⟨

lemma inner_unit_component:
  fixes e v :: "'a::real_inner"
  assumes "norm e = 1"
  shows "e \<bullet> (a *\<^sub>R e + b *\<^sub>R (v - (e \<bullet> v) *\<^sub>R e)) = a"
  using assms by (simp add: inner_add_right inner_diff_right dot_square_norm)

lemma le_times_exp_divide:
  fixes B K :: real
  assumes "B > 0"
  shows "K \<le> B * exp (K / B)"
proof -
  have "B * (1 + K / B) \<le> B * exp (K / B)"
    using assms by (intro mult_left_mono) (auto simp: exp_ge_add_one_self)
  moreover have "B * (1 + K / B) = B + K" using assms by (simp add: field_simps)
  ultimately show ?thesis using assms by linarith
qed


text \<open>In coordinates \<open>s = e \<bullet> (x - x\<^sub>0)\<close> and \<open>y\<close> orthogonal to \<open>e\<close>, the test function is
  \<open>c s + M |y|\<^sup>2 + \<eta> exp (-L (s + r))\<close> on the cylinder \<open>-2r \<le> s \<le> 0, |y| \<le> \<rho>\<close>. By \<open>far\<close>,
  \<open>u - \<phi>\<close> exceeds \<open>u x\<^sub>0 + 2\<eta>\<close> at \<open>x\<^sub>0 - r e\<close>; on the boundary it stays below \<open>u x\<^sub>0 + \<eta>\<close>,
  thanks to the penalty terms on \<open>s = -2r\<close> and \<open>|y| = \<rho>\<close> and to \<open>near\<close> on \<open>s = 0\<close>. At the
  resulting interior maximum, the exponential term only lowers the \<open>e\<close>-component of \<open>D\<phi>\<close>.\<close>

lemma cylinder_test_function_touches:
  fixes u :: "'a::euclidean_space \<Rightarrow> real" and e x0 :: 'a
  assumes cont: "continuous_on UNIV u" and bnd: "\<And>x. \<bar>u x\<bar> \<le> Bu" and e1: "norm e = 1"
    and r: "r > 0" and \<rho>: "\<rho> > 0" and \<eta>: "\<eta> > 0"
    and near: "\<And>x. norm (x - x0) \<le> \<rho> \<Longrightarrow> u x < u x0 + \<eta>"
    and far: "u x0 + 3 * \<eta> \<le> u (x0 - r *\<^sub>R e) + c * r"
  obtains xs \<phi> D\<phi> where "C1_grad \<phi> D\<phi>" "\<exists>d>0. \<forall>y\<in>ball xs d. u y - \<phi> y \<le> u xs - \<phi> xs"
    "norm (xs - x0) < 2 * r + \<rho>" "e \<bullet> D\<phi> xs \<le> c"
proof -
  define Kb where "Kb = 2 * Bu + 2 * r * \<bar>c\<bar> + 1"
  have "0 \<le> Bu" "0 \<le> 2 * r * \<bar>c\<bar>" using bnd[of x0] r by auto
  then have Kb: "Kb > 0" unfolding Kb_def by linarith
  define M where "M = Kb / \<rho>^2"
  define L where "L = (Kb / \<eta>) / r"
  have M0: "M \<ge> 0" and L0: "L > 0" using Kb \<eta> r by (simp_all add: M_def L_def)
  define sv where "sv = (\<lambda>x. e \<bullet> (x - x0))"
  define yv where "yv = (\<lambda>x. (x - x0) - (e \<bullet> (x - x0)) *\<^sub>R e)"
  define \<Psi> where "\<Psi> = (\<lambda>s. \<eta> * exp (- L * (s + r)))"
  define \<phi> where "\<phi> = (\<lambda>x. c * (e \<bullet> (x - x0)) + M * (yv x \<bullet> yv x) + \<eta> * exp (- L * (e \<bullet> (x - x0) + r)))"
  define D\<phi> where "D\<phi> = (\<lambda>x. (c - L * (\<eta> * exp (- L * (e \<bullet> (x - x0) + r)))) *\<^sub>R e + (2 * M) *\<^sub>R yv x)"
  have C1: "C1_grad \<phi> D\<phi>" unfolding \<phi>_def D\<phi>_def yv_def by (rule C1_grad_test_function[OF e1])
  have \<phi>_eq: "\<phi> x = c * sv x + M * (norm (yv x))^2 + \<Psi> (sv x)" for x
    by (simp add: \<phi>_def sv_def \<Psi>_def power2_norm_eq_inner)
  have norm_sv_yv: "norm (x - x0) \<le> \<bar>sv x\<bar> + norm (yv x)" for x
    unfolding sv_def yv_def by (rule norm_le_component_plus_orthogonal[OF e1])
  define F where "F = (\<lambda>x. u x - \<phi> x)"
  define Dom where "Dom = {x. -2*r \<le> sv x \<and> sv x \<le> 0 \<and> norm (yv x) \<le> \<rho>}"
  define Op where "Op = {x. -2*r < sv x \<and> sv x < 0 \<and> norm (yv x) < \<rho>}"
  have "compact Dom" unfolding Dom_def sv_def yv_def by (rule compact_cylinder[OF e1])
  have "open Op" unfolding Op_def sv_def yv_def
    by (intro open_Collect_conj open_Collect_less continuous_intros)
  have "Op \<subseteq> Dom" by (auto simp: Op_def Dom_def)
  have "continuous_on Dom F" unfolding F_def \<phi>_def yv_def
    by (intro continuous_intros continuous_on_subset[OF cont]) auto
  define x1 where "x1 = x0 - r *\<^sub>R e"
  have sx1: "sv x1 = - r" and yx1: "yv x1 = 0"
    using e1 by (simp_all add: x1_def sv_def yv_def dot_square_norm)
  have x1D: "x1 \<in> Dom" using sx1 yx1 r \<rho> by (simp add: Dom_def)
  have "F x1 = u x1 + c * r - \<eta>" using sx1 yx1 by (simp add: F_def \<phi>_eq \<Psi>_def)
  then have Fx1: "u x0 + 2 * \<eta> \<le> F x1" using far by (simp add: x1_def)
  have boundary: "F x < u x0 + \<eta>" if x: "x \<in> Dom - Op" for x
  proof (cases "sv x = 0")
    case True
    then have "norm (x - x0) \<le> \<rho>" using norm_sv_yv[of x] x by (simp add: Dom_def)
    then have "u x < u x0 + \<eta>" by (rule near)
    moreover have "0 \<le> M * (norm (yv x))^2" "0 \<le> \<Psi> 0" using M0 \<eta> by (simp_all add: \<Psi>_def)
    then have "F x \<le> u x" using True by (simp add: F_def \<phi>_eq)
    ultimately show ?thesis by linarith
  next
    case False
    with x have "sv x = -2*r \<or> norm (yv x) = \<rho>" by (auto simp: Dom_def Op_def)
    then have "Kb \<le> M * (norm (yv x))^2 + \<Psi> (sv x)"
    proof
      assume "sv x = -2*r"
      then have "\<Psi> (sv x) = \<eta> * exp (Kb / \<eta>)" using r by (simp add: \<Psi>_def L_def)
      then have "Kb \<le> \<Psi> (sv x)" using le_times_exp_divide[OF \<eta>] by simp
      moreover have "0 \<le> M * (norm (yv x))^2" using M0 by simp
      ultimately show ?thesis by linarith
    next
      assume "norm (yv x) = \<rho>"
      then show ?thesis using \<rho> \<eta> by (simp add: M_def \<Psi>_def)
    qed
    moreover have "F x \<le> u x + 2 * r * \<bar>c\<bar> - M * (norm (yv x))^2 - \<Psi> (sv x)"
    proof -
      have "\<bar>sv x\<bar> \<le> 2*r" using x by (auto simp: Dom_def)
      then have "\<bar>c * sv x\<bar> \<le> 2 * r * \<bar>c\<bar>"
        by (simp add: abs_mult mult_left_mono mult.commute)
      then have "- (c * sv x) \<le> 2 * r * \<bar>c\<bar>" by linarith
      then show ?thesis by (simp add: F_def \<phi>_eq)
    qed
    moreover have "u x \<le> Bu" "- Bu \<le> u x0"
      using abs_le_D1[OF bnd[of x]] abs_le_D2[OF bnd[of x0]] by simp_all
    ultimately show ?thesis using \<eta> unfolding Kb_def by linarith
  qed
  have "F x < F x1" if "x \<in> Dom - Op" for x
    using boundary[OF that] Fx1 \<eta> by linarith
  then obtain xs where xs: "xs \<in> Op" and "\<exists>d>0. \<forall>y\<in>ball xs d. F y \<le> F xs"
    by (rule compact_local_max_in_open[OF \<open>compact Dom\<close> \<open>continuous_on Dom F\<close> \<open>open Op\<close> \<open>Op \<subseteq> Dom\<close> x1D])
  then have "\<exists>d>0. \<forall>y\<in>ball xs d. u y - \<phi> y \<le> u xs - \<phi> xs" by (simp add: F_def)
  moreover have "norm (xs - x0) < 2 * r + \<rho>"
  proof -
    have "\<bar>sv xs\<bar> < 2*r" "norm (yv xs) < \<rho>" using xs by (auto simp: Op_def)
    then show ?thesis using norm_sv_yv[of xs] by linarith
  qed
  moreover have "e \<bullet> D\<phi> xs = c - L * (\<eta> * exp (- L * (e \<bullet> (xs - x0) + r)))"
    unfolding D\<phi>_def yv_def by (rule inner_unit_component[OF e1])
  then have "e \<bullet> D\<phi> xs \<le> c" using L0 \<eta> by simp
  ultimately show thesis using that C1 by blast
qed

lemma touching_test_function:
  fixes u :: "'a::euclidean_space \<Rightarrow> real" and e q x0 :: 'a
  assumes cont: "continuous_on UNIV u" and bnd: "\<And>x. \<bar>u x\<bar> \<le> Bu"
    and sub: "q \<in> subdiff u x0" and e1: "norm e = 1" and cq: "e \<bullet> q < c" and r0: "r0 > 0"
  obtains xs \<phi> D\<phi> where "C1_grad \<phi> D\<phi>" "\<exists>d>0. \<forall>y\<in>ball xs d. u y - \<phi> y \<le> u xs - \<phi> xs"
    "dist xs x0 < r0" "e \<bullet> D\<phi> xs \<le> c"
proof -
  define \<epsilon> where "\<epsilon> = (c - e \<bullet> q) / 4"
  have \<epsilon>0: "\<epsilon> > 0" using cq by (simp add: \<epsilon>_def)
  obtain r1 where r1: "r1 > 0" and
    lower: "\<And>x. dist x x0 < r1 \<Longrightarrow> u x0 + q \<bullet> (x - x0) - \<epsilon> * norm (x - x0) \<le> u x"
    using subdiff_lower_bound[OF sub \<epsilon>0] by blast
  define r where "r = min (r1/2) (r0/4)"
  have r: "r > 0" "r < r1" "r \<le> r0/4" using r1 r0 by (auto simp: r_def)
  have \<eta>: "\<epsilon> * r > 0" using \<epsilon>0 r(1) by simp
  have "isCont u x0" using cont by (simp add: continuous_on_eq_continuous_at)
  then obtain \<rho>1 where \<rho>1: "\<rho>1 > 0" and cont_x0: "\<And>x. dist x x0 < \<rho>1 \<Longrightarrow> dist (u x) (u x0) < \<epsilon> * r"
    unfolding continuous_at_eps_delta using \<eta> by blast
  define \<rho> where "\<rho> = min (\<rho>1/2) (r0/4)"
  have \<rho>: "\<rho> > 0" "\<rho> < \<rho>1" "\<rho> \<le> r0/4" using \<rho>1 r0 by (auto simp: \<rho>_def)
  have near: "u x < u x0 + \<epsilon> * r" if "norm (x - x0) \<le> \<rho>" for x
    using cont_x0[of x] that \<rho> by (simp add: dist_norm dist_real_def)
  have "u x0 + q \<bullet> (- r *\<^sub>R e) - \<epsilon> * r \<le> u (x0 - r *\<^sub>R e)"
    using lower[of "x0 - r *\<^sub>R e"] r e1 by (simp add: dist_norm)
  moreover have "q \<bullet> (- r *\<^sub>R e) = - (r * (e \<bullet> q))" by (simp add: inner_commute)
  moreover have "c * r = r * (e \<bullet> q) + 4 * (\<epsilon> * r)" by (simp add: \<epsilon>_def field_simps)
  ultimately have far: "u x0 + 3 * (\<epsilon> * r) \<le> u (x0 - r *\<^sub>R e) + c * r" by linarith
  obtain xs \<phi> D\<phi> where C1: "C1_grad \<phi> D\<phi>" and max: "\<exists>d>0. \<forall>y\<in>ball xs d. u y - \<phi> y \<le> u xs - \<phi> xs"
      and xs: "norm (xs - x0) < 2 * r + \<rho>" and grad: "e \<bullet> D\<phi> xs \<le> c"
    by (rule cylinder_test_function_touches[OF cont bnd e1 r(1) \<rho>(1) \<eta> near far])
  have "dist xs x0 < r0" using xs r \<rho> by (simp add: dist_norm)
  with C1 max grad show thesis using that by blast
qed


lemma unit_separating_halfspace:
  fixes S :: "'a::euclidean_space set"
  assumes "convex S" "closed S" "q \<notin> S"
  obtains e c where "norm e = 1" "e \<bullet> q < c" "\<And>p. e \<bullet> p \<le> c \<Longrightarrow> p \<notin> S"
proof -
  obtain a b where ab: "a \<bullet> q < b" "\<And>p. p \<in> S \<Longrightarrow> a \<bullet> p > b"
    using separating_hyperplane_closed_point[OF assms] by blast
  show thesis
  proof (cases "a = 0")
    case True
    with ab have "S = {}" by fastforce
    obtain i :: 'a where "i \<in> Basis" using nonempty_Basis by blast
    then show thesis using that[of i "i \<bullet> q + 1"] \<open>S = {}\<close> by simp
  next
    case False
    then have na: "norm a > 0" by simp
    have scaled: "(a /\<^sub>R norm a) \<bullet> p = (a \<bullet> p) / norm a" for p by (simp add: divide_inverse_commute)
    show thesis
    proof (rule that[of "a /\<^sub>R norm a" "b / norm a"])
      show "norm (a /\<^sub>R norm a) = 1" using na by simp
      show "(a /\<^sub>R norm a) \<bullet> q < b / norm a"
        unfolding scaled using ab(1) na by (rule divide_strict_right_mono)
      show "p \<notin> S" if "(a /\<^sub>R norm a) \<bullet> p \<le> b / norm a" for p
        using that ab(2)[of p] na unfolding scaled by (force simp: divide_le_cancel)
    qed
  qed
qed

⟩

- Work item: Beginning with the line above that contains "x0 + \<epsilon>", copy each line exactly up to and including the line that contains "proof (rule that[of", and go no further.

- Response to the exercise:
  have near: "u x < u x0 + \<epsilon> * r" if "norm (x - x0) \<le> \<rho>" for x
    using cont_x0[of x] that \<rho> by (simp add: dist_norm dist_real_def)
  have "u x0 + q \<bullet> (- r *\<^sub>R e) - \<epsilon> * r \<le> u (x0 - r *\<^sub>R e)"
    using lower[of "x0 - r *\<^sub>R e"] r e1 by (simp add: dist_norm)
  moreover have "q \<bullet> (- r *\<^sub>R e) = - (r * (e \<bullet> q))" by (simp add: inner_commute)
  moreover have "c * r = r * (e \<bullet> q) + 4 * (\<epsilon> * r)" by (simp add: \<epsilon>_def field_simps)
  ultimately have far: "u x0 + 3 * (\<epsilon> * r) \<le> u (x0 - r *\<^sub>R e) + c * r" by linarith
  obtain xs \<phi> D\<phi> where C1: "C1_grad \<phi> D\<phi>" and max: "\<exists>d>0. \<forall>y\<in>ball xs d. u y - \<phi> y \<le> u xs - \<phi> xs"
      and xs: "norm (xs - x0) < 2 * r + \<rho>" and grad: "e \<bullet> D\<phi> xs \<le> c"
    by (rule cylinder_test_function_touches[OF cont bnd e1 r(1) \<rho>(1) \<eta> near far])
  have "dist xs x0 < r0" using xs r \<rho> by (simp add: dist_norm)
  with C1 max grad show thesis using that by blast
qed


lemma unit_separating_halfspace:
  fixes S :: "'a::euclidean_space set"
  assumes "convex S" "closed S" "q \<notin> S"
  obtains e c where "norm e = 1" "e \<bullet> q < c" "\<And>p. e \<bullet> p \<le> c \<Longrightarrow> p \<notin> S"
proof -
  obtain a b where ab: "a \<bullet> q < b" "\<And>p. p \<in> S \<Longrightarrow> a \<bullet> p > b"
    using separating_hyperplane_closed_point[OF assms] by blast
  show thesis
  proof (cases "a = 0")
    case True
    with ab have "S = {}" by fastforce
    obtain i :: 'a where "i \<in> Basis" using nonempty_Basis by blast
    then show thesis using that[of i "i \<bullet> q + 1"] \<open>S = {}\<close> by simp
  next
    case False
    then have na: "norm a > 0" by simp
    have scaled: "(a /\<^sub>R norm a) \<bullet> p = (a \<bullet> p) / norm a" for p by (simp add: divide_inverse_commute)
    show thesis
    proof (rule that[of "a /\<^sub>R norm a" "b / norm a"])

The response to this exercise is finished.